[What needs to be done] Repeat the whole listing exactly as it appears.

***** Material for the task *****

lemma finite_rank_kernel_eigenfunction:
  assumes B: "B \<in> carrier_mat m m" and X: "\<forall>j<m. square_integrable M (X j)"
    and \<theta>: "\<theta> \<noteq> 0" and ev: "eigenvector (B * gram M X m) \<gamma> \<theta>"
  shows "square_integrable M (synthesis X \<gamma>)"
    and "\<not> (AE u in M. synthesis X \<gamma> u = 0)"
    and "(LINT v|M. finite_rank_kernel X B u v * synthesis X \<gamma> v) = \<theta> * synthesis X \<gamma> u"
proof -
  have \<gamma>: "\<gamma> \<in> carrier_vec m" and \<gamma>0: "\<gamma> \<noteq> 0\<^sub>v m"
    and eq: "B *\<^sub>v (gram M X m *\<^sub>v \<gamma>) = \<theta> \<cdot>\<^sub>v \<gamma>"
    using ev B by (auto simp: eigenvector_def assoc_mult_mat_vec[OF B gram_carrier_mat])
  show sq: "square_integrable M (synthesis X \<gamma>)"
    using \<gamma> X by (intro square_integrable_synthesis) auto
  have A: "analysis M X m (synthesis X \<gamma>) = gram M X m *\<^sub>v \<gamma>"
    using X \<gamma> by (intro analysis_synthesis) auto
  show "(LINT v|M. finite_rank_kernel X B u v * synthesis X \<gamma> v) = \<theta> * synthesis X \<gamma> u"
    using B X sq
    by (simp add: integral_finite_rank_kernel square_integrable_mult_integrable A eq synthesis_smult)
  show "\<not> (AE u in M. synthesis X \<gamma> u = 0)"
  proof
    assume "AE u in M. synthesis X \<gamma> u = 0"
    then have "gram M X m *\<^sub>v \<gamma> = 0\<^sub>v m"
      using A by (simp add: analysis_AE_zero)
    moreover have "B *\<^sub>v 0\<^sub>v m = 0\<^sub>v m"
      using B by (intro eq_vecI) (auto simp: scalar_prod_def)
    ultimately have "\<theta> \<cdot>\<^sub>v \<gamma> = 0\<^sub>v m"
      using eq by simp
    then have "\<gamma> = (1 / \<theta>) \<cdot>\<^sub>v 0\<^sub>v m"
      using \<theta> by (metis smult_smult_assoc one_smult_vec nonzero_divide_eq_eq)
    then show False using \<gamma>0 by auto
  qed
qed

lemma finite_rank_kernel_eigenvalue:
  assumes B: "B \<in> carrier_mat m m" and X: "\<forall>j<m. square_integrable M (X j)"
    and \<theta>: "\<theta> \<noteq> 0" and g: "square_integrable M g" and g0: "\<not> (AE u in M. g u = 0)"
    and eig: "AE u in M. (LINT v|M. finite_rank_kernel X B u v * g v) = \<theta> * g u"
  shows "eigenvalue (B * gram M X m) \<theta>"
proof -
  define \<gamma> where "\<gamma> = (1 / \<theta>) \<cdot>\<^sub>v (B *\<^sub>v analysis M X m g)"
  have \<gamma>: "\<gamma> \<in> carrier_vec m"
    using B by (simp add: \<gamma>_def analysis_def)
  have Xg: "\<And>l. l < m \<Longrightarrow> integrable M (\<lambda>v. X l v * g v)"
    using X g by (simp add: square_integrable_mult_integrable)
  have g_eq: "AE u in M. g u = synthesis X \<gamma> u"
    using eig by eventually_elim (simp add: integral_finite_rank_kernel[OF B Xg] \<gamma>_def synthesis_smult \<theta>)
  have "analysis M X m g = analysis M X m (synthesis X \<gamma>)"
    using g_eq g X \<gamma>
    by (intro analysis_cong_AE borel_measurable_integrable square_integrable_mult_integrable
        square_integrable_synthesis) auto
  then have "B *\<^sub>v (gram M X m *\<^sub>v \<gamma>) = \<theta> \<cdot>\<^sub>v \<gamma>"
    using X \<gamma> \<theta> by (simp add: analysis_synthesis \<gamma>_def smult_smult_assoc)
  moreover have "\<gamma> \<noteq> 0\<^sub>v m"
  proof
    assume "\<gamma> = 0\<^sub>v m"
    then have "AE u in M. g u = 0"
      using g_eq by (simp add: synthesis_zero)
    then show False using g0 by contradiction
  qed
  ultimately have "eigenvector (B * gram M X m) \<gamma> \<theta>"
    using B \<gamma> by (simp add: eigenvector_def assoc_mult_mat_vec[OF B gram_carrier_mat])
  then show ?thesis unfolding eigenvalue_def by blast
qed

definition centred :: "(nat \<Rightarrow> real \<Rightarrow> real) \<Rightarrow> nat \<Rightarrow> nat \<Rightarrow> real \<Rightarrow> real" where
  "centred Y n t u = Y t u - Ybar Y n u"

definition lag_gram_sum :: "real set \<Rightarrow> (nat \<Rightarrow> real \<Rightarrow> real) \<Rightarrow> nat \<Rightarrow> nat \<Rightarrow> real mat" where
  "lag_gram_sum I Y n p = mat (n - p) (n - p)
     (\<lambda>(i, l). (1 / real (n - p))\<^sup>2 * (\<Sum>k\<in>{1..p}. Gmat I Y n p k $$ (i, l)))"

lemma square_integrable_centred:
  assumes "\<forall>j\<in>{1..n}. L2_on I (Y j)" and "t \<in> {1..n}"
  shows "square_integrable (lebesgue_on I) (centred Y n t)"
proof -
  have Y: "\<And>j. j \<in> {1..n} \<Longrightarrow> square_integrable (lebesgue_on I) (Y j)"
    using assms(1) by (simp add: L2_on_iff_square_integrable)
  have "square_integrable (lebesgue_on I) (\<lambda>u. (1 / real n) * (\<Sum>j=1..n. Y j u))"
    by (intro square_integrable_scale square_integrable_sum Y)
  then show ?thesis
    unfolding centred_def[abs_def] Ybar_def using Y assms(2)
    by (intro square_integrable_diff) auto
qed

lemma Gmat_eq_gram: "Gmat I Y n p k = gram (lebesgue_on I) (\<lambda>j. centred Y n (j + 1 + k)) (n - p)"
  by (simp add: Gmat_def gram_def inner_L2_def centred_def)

*****

[Output of the task]
lemma finite_rank_kernel_eigenfunction:
  assumes B: "B \<in> carrier_mat m m" and X: "\<forall>j<m. square_integrable M (X j)"
    and \<theta>: "\<theta> \<noteq> 0" and ev: "eigenvector (B * gram M X m) \<gamma> \<theta>"
  shows "square_integrable M (synthesis X \<gamma>)"
    and "\<not> (AE u in M. synthesis X \<gamma> u = 0)"
    and "(LINT v|M. finite_rank_kernel X B u v * synthesis X \<gamma> v) = \<theta> * synthesis X \<gamma> u"
proof -
  have \<gamma>: "\<gamma> \<in> carrier_vec m" and \<gamma>0: "\<gamma> \<noteq> 0\<^sub>v m"
    and eq: "B *\<^sub>v (gram M X m *\<^sub>v \<gamma>) = \<theta> \<cdot>\<^sub>v \<gamma>"
    using ev B by (auto simp: eigenvector_def assoc_mult_mat_vec[OF B gram_carrier_mat])
  show sq: "square_integrable M (synthesis X \<gamma>)"
    using \<gamma> X by (intro square_integrable_synthesis) auto
  have A: "analysis M X m (synthesis X \<gamma>) = gram M X m *\<^sub>v \<gamma>"
    using X \<gamma> by (intro analysis_synthesis) auto
  show "(LINT v|M. finite_rank_kernel X B u v * synthesis X \<gamma> v) = \<theta> * synthesis X \<gamma> u"
    using B X sq
    by (simp add: integral_finite_rank_kernel square_integrable_mult_integrable A eq synthesis_smult)
  show "\<not> (AE u in M. synthesis X \<gamma> u = 0)"
  proof
    assume "AE u in M. synthesis X \<gamma> u = 0"
    then have "gram M X m *\<^sub>v \<gamma> = 0\<^sub>v m"
      using A by (simp add: analysis_AE_zero)
    moreover have "B *\<^sub>v 0\<^sub>v m = 0\<^sub>v m"
      using B by (intro eq_vecI) (auto simp: scalar_prod_def)
    ultimately have "\<theta> \<cdot>\<^sub>v \<gamma> = 0\<^sub>v m"
      using eq by simp
    then have "\<gamma> = (1 / \<theta>) \<cdot>\<^sub>v 0\<^sub>v m"
      using \<theta> by (metis smult_smult_assoc one_smult_vec nonzero_divide_eq_eq)
    then show False using \<gamma>0 by auto
  qed
qed

lemma finite_rank_kernel_eigenvalue:
  assumes B: "B \<in> carrier_mat m m" and X: "\<forall>j<m. square_integrable M (X j)"
    and \<theta>: "\<theta> \<noteq> 0" and g: "square_integrable M g" and g0: "\<not> (AE u in M. g u = 0)"
    and eig: "AE u in M. (LINT v|M. finite_rank_kernel X B u v * g v) = \<theta> * g u"
  shows "eigenvalue (B * gram M X m) \<theta>"
proof -
  define \<gamma> where "\<gamma> = (1 / \<theta>) \<cdot>\<^sub>v (B *\<^sub>v analysis M X m g)"
  have \<gamma>: "\<gamma> \<in> carrier_vec m"
    using B by (simp add: \<gamma>_def analysis_def)
  have Xg: "\<And>l. l < m \<Longrightarrow> integrable M (\<lambda>v. X l v * g v)"
    using X g by (simp add: square_integrable_mult_integrable)
  have g_eq: "AE u in M. g u = synthesis X \<gamma> u"
    using eig by eventually_elim (simp add: integral_finite_rank_kernel[OF B Xg] \<gamma>_def synthesis_smult \<theta>)
  have "analysis M X m g = analysis M X m (synthesis X \<gamma>)"
    using g_eq g X \<gamma>
    by (intro analysis_cong_AE borel_measurable_integrable square_integrable_mult_integrable
        square_integrable_synthesis) auto
  then have "B *\<^sub>v (gram M X m *\<^sub>v \<gamma>) = \<theta> \<cdot>\<^sub>v \<gamma>"
    using X \<gamma> \<theta> by (simp add: analysis_synthesis \<gamma>_def smult_smult_assoc)
  moreover have "\<gamma> \<noteq> 0\<^sub>v m"
  proof
    assume "\<gamma> = 0\<^sub>v m"
    then have "AE u in M. g u = 0"
      using g_eq by (simp add: synthesis_zero)
    then show False using g0 by contradiction
  qed
  ultimately have "eigenvector (B * gram M X m) \<gamma> \<theta>"
    using B \<gamma> by (simp add: eigenvector_def assoc_mult_mat_vec[OF B gram_carrier_mat])
  then show ?thesis unfolding eigenvalue_def by blast
qed

definition centred :: "(nat \<Rightarrow> real \<Rightarrow> real) \<Rightarrow> nat \<Rightarrow> nat \<Rightarrow> real \<Rightarrow> real" where
  "centred Y n t u = Y t u - Ybar Y n u"

definition lag_gram_sum :: "real set \<Rightarrow> (nat \<Rightarrow> real \<Rightarrow> real) \<Rightarrow> nat \<Rightarrow> nat \<Rightarrow> real mat" where
  "lag_gram_sum I Y n p = mat (n - p) (n - p)
     (\<lambda>(i, l). (1 / real (n - p))\<^sup>2 * (\<Sum>k\<in>{1..p}. Gmat I Y n p k $$ (i, l)))"

lemma square_integrable_centred:
  assumes "\<forall>j\<in>{1..n}. L2_on I (Y j)" and "t \<in> {1..n}"
  shows "square_integrable (lebesgue_on I) (centred Y n t)"
proof -
  have Y: "\<And>j. j \<in> {1..n} \<Longrightarrow> square_integrable (lebesgue_on I) (Y j)"
    using assms(1) by (simp add: L2_on_iff_square_integrable)
  have "square_integrable (lebesgue_on I) (\<lambda>u. (1 / real n) * (\<Sum>j=1..n. Y j u))"
    by (intro square_integrable_scale square_integrable_sum Y)
  then show ?thesis
    unfolding centred_def[abs_def] Ybar_def using Y assms(2)
    by (intro square_integrable_diff) auto
qed

lemma Gmat_eq_gram: "Gmat I Y n p k = gram (lebesgue_on I) (\<lambda>j. centred Y n (j + 1 + k)) (n - p)"
  by (simp add: Gmat_def gram_def inner_L2_def centred_def)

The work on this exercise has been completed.